I was depressed a lot in college and I turned to food to make me feel better. If it was a Saturday night and I was alone in my apartment and I was starting to worry about the future, then a trip to McDonald's was my saving grace. By the time I was a senior, food became the highlight of each day for me and I basically lived for food. I would eat an entire tub of ice cream for breakfast and two pizzas from Little Caesar's for dinner, and it didn't bother me in the slightest to do so.
By the time January 2019 rolled around, I decided that I had let myself go too much and that at a minimum, I would rock climb once a week. On February 6, 2019, I took a belay class at my university's rock climbing wall and tried bouldering for the first time. By the end of the month, I was rock climbing for 2-3 hours 3-4 times a week, lifting weights 3 times a week, and eating 700-1000 calories below TDEE. I loved everything about the sport and I wanted to improve faster than all of my friends and become one of the stronger guys at the gym.
From February 2019 to June 2019, I went from 25% body fat (168 lbs) to 13% body fat (144 lbs) and got a six-pack and all that. Then I switched to maintenance. The first two weeks of maintenance went okay, but I was super unsatisfied with the amount I was eating, so I started eating more and more, and then I let a binge or two slip in, and then I had one really bad binge where I tried to make myself throw up, and after that I basically alternated between binging and restricting. In the first month of binging, I gained 16 lbs. Since then, I have managed to maintain my weight, because I muster enough 1500-2000 calorie days to counteract the 5000-7000 calorie days.
The signs of developing binge eating disorder were all there. During my weight loss journey I made posts on here about how I missed eating whatever I wanted whenever I wanted, and how I could not imagine living the rest of my life eating 2200-2500 calories a day (my TDEE at the time). Like, if I won't ever be able to eat an entire pizza, an entire family size bag of chips, and an entire container of ice cream in one sitting again, then what's the point? The addiction to food I had developed in college became my downfall in the form of FOMO.
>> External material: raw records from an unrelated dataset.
lemma full_row_rank_transpose_mult_vec_eq_0D:
  fixes X :: "real mat"
  assumes X: "X \<in> carrier_mat n p" and rk: "vec_space.rank n X = n"
    and v: "v \<in> carrier_vec n" and Xv: "transpose_mat X *\<^sub>v v = 0\<^sub>v p"
  shows "v = 0\<^sub>v n"
proof -
  interpret vec_space "TYPE(real)" n .
  obtain S where max: "maximal S (\<lambda>T. T \<subseteq> set (cols X) \<and> lin_indpt T)"
    using maximal_exists[of "\<lambda>T. T \<subseteq> set (cols X) \<and> lin_indpt T" "card (set (cols X))" "{}"]
    by (meson List.finite_set card_mono empty_iff empty_subsetI finite_lin_indpt2 rev_finite_subset)
  have SX: "S \<subseteq> set (cols X)" and li: "lin_indpt S" using max unfolding maximal_def by auto
  obtain xs where xs: "set xs = S" "distinct xs"
    using finite_distinct_list[OF finite_subset[OF SX]] by blast
  have lxs: "length xs = n"
    using xs rank_card_indpt[OF X max] rk distinct_card by fastforce
  have xs_carrier: "set xs \<subseteq> carrier_vec n" using xs SX cols_dim X by fastforce
  define A where "A = mat_of_cols n xs"
  have A: "A \<in> carrier_mat n n" unfolding A_def using lxs by (metis mat_of_cols_carrier(1))
  have "rank A = n"
    using lin_indpt_full_rank[OF A] xs li xs_carrier unfolding A_def by simp
  then have det: "det (transpose_mat A) \<noteq> 0"
    using det_rank_iff[OF A] det_transpose[OF A] by simp
  have "transpose_mat A *\<^sub>v v = 0\<^sub>v n"
  proof (rule eq_vecI)
    fix j assume "j < dim_vec (0\<^sub>v n)"
    then have j: "j < n" by simp
    have "xs ! j \<in> set (cols X)" using j lxs xs SX by auto
    then obtain k where k: "k < p" "xs ! j = col X k" using X
      by (metis cols_length cols_nth in_set_conv_nth carrier_matD(2))
    have "col A j = xs ! j" unfolding A_def using j lxs xs_carrier by (simp add: subset_code(1))
    then have "(transpose_mat A *\<^sub>v v) $ j = (transpose_mat X *\<^sub>v v) $ k"
      using A X j k by simp
    then show "(transpose_mat A *\<^sub>v v) $ j = 0\<^sub>v n $ j" using Xv k j by simp
  qed (use A in simp)
  then show ?thesis
    using det_0_iff_vec_prod_zero_field[of "transpose_mat A"] A det v by auto
qed

lemma full_row_rank_gram_invertible:
  fixes X :: "real mat"
  assumes X: "X \<in> carrier_mat n p" and rk: "vec_space.rank n X = n"
  obtains G where "mat_inverse (X * transpose_mat X) = Some G"
proof -
  have XX: "X * transpose_mat X \<in> carrier_mat n n" using X by simp
  have "det (X * transpose_mat X) \<noteq> 0"
  proof
    assume "det (X * transpose_mat X) = 0"
    then obtain v where v: "v \<in> carrier_vec n" "v \<noteq> 0\<^sub>v n" "(X * transpose_mat X) *\<^sub>v v = 0\<^sub>v n"
      using det_0_iff_vec_prod_zero_field[OF XX] by blast
    have Xv: "transpose_mat X *\<^sub>v v \<in> carrier_vec p" using X v by simp
    have "(transpose_mat X *\<^sub>v v) \<bullet> (transpose_mat X *\<^sub>v v) = v \<bullet> ((X * transpose_mat X) *\<^sub>v v)"
      using transpose_vec_mult_scalar[OF X Xv v(1)] X v by simp
    also have "\<dots> = 0" using v by simp
    finally show False
      using full_row_rank_transpose_mult_vec_eq_0D[OF X rk v(1)] scalar_prod_self_eq_0D[OF Xv] v(2)
      by simp
  qed
  note unit = det_non_zero_imp_unit[OF XX this, of "()"]
  show ?thesis
  proof (cases "mat_inverse (X * transpose_mat X)")
    case None
    then show ?thesis using mat_inverse(1)[OF XX None, of "()"] unit by simp
  qed (rule that)
qed

lemma gram_left_inverse_row_space:
  fixes X G :: "real mat"
  assumes X: "X \<in> carrier_mat n p" and G: "G \<in> carrier_mat n n"
    and GXX: "G * (X * transpose_mat X) = 1\<^sub>m n" and g: "g \<in> carrier_vec n"
  shows "transpose_mat X *\<^sub>v (G *\<^sub>v (X *\<^sub>v (transpose_mat X *\<^sub>v g))) = transpose_mat X *\<^sub>v g"
proof -
  have "X *\<^sub>v (transpose_mat X *\<^sub>v g) = (X * transpose_mat X) *\<^sub>v g" using X g by simp
  then show ?thesis using mult_mat_vec_right_inverse[OF G _ GXX g] X by simp
qed

lemma projection_mult_vec:
  fixes X G :: "real mat"
  assumes X: "X \<in> carrier_mat n p" and G: "G \<in> carrier_mat n n" and w: "w \<in> carrier_vec p"
  shows "(1\<^sub>m p - transpose_mat X * G * X) *\<^sub>v w = w - transpose_mat X *\<^sub>v (G *\<^sub>v (X *\<^sub>v w))"
proof -
  have "(transpose_mat X * G * X) *\<^sub>v w = (transpose_mat X * G) *\<^sub>v (X *\<^sub>v w)"
    using X G w by (intro assoc_mult_mat_vec) auto
  also have "\<dots> = transpose_mat X *\<^sub>v (G *\<^sub>v (X *\<^sub>v w))"
    using X G w by (intro assoc_mult_mat_vec) auto
  finally show ?thesis
    using X G w by (simp add: minus_mult_distrib_mat_vec[of _ p p])
qed

lemma min_norm_plus_alpha_projection_unique_solution:
  fixes X G :: "real mat"
  assumes X: "X \<in> carrier_mat n p" and G: "G \<in> carrier_mat n n"
    and XXG: "(X * transpose_mat X) * G = 1\<^sub>m n"
    and y: "y \<in> carrier_vec n" and w: "w \<in> carrier_vec p"
    and t0: "t0 = transpose_mat X *\<^sub>v (G *\<^sub>v y)"
    and u: "u = (1\<^sub>m p - transpose_mat X * G * X) *\<^sub>v w"
    and \<alpha>: "\<alpha> = sqrt ((8 * vnorm u ^ 2 + sqrt (64 * vnorm u ^ 4 + 1296 * vnorm t0 ^ 2)) / 81)"
  shows "is_solution X y w (t0 + \<alpha> \<cdot>\<^sub>v u) \<and> (\<forall>\<theta>. is_solution X y w \<theta> \<longrightarrow> \<theta> = t0 + \<alpha> \<cdot>\<^sub>v u)"
proof -
  have XXGv: "X *\<^sub>v (transpose_mat X *\<^sub>v (G *\<^sub>v v)) = v" if v: "v \<in> carrier_vec n" for v
  proof -
    have "X *\<^sub>v (transpose_mat X *\<^sub>v (G *\<^sub>v v)) = (X * transpose_mat X) *\<^sub>v (G *\<^sub>v v)"
      using X G v by simp
    then show ?thesis using mult_mat_vec_right_inverse[OF _ G XXG v] X by simp
  qed
  define r where "r = transpose_mat X *\<^sub>v (G *\<^sub>v (X *\<^sub>v w))"
  have t0_carrier: "t0 \<in> carrier_vec p" and r_carrier: "r \<in> carrier_vec p"
    unfolding t0 r_def using X G y w by auto
  have u_r: "u = w - r"
    unfolding u r_def by (rule projection_mult_vec[OF X G w])
  have u_carrier: "u \<in> carrier_vec p" using u_r w r_carrier by simp
  have Xu: "X *\<^sub>v u = 0\<^sub>v n"
    unfolding u_r using mult_minus_distrib_mat_vec[OF X w r_carrier] XXGv[of "X *\<^sub>v w"] X w
    unfolding r_def by simp
  have orth_t0: "t0 \<bullet> z = 0" and orth_r: "r \<bullet> z = 0"
    if "z \<in> carrier_vec p" and "X *\<^sub>v z = 0\<^sub>v n" for z
    unfolding t0 r_def using transpose_mult_vec_orthogonal_kernel[OF X _ that] X G y w by auto
  have Xt0: "X *\<^sub>v t0 = y" unfolding t0 using XXGv[OF y] .
  show ?thesis
  proof (rule is_solution_unique_if_first_order[OF X w])
    show "t0 + \<alpha> \<cdot>\<^sub>v u \<in> carrier_vec p" using t0_carrier u_carrier by simp
    show "X *\<^sub>v (t0 + \<alpha> \<cdot>\<^sub>v u) = y"
      using Xt0 Xu X t0_carrier u_carrier y smult_zero_vec[of \<alpha> n]
      by (simp add: mult_add_distrib_mat_vec[of _ n p] mult_mat_vec[of _ n p])
    fix z assume z: "z \<in> carrier_vec p" and Xz: "X *\<^sub>v z = 0\<^sub>v n"
    have "w \<bullet> z = u \<bullet> z"
      unfolding u_r using minus_scalar_prod_distrib[OF w r_carrier z] orth_r[OF z Xz] by simp
    also have "\<dots> = norm_three_halves_grad (t0 + \<alpha> \<cdot>\<^sub>v u) \<bullet> z"
      using norm_three_halves_grad_alpha_star[OF t0_carrier u_carrier z _ orth_t0[OF z Xz] \<alpha>]
        orth_t0[OF u_carrier Xu] by simp
    finally show "w \<bullet> z = norm_three_halves_grad (t0 + \<alpha> \<cdot>\<^sub>v u) \<bullet> z" .
  qed
qed

lemma diag_mult_vec_nth:
  assumes M: "M \<in> carrier_mat r c" and v: "v \<in> carrier_vec c"
    and diag: "\<And>i j. i < r \<Longrightarrow> j < c \<Longrightarrow> i \<noteq> j \<Longrightarrow> M $$ (i,j) = 0" and i: "i < r"
  shows "(M *\<^sub>v v) $ i = (if i < c then M $$ (i,i) * v $ i else (0 :: real))"
proof -
  have "(M *\<^sub>v v) $ i = (\<Sum>j\<in>{0..<c}. M $$ (i,j) * v $ j)"
    using M v i by (simp add: scalar_prod_def)
  also have "\<dots> = (\<Sum>j\<in>{0..<c}. if j = i then M $$ (i,i) * v $ i else 0)"
    using diag i by (intro sum.cong) auto
  finally show ?thesis by simp
qed

(* Only the vanishing off-diagonal entries of D are used; the sign and ordering of the singular
   values play no role. *)
locale full_row_rank_svd =
  fixes n p :: nat and X U D V :: "real mat"
  assumes n_le_p: "n \<le> p"
    and X_carrier: "X \<in> carrier_mat n p" and rank_X: "vec_space.rank n X = n"
    and U: "orthonormal_mat n U" and V: "orthonormal_mat p V"
    and D_carrier: "D \<in> carrier_mat n p"
    and D_diag: "\<And>i j. i < n \<Longrightarrow> j < p \<Longrightarrow> i \<noteq> j \<Longrightarrow> D $$ (i,j) = 0"
    and X_svd: "X = U * D * transpose_mat V"
begin

lemma U_carrier: "U \<in> carrier_mat n n" and V_carrier: "V \<in> carrier_mat p p"
  using U V unfolding orthonormal_mat_def by auto

lemma X_mult_vec: "x \<in> carrier_vec p \<Longrightarrow> X *\<^sub>v x = U *\<^sub>v (D *\<^sub>v (transpose_mat V *\<^sub>v x))"
proof -
  assume x: "x \<in> carrier_vec p"
  have "X *\<^sub>v x = (U * D) *\<^sub>v (transpose_mat V *\<^sub>v x)"
    unfolding X_svd using U_carrier D_carrier V_carrier x
    by (subst assoc_mult_mat_vec[of _ n p _ p]) auto
  then show ?thesis using U_carrier D_carrier V_carrier x by simp
qed

lemma X_transpose_mult_vec:
  "x \<in> carrier_vec n \<Longrightarrow> transpose_mat X *\<^sub>v x = V *\<^sub>v (transpose_mat D *\<^sub>v (transpose_mat U *\<^sub>v x))"
proof -
  assume x: "x \<in> carrier_vec n"
  have "transpose_mat X = V * transpose_mat (U * D)"
    unfolding X_svd using transpose_mult[of "U * D" n p "transpose_mat V" p] U_carrier D_carrier V_carrier
    by simp
  also have "transpose_mat (U * D) = transpose_mat D * transpose_mat U"
    using transpose_mult[of U n n D p] U_carrier D_carrier by simp
  finally have "transpose_mat X *\<^sub>v x = V *\<^sub>v ((transpose_mat D * transpose_mat U) *\<^sub>v x)"
    using U_carrier D_carrier V_carrier x by (simp add: assoc_mult_mat_vec[of V p p _ n])
  then show ?thesis using U_carrier D_carrier x by simp
qed

lemma D_mult_vec_nth: "x \<in> carrier_vec p \<Longrightarrow> i < n \<Longrightarrow> (D *\<^sub>v x) $ i = D $$ (i,i) * x $ i"
  using diag_mult_vec_nth[OF D_carrier _ D_diag] n_le_p by auto

lemma D_transpose_mult_vec_nth:
  "x \<in> carrier_vec n \<Longrightarrow> i < p \<Longrightarrow>
     (transpose_mat D *\<^sub>v x) $ i = (if i < n then D $$ (i,i) * x $ i else 0)"
  using diag_mult_vec_nth[of "transpose_mat D" p n x i] D_carrier D_diag by auto

lemma diag_pinv_carrier: "diag_pinv D \<in> carrier_mat p n"
  unfolding diag_pinv_def using D_carrier by auto

lemma diag_pinv_mult_vec_nth:
  "x \<in> carrier_vec n \<Longrightarrow> i < p \<Longrightarrow>
     (diag_pinv D *\<^sub>v x) $ i = (if i < n then inverse (D $$ (i,i)) * x $ i else 0)"
  using diag_mult_vec_nth[OF diag_pinv_carrier, of x i] D_carrier
  unfolding diag_pinv_def by auto

lemma singular_value_nonzero:
  assumes k: "k < n"
  shows "D $$ (k,k) \<noteq> 0"
proof
  assume "D $$ (k,k) = 0"
  define e :: "real vec" where "e = unit_vec n k"
  have e: "e \<in> carrier_vec n" unfolding e_def by simp
  have "transpose_mat D *\<^sub>v e = 0\<^sub>v p"
    using D_transpose_mult_vec_nth[OF e] \<open>D $$ (k,k) = 0\<close> D_carrier k
    unfolding e_def by (intro eq_vecI) auto
  then have "transpose_mat X *\<^sub>v (U *\<^sub>v e) = 0\<^sub>v p"
    using X_transpose_mult_vec[of "U *\<^sub>v e"] orthonormal_mat_mult_vec(1)[OF U e]
      U_carrier V_carrier e mult_mat_vec_zero by simp
  then have "U *\<^sub>v e = 0\<^sub>v n"
    using full_row_rank_transpose_mult_vec_eq_0D[OF X_carrier rank_X] U_carrier e by simp
  then have "e = 0\<^sub>v n"
    using orthonormal_mat_mult_vec(1)[OF U e] mult_mat_vec_zero[of "transpose_mat U"] U_carrier by simp
  then show False using k unfolding e_def by (metis index_unit_vec(1) index_zero_vec(1) zero_neq_one)
qed

lemma head_in_row_space:
  assumes h: "h \<in> carrier_vec p" and head: "\<And>i. n \<le> i \<Longrightarrow> i < p \<Longrightarrow> h $ i = 0"
  shows "V *\<^sub>v h = transpose_mat X *\<^sub>v (U *\<^sub>v vec n (\<lambda>i. h $ i / D $$ (i,i)))"
proof -
  define e where "e = vec n (\<lambda>i. h $ i / D $$ (i,i))"
  have e: "e \<in> carrier_vec n" unfolding e_def by simp
  have "transpose_mat D *\<^sub>v e = h"
    using D_transpose_mult_vec_nth[OF e] singular_value_nonzero head h D_carrier
    unfolding e_def by (intro eq_vecI) auto
  then show ?thesis
    unfolding e_def[symmetric] using X_transpose_mult_vec orthonormal_mat_mult_vec(1)[OF U e]
      U_carrier e by simp
qed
These are all the things I've tried to defeat binge eating in the past eight months:
- Keto, letting myself eat as much as I want, but I have to eat <20g net carbs. My theory with this is that my binges are partially caused by sugar addiction, since my binges basically consist of ice cream + candy + donuts + cookies + pizza. I got to 10ish days a couple of times, but always binged after that.
- 2000 calories per day. I got to 1-2 weeks a few times, but then always binged.
- Two meals per day, no calorie counting. I got to like day 14 and then binged.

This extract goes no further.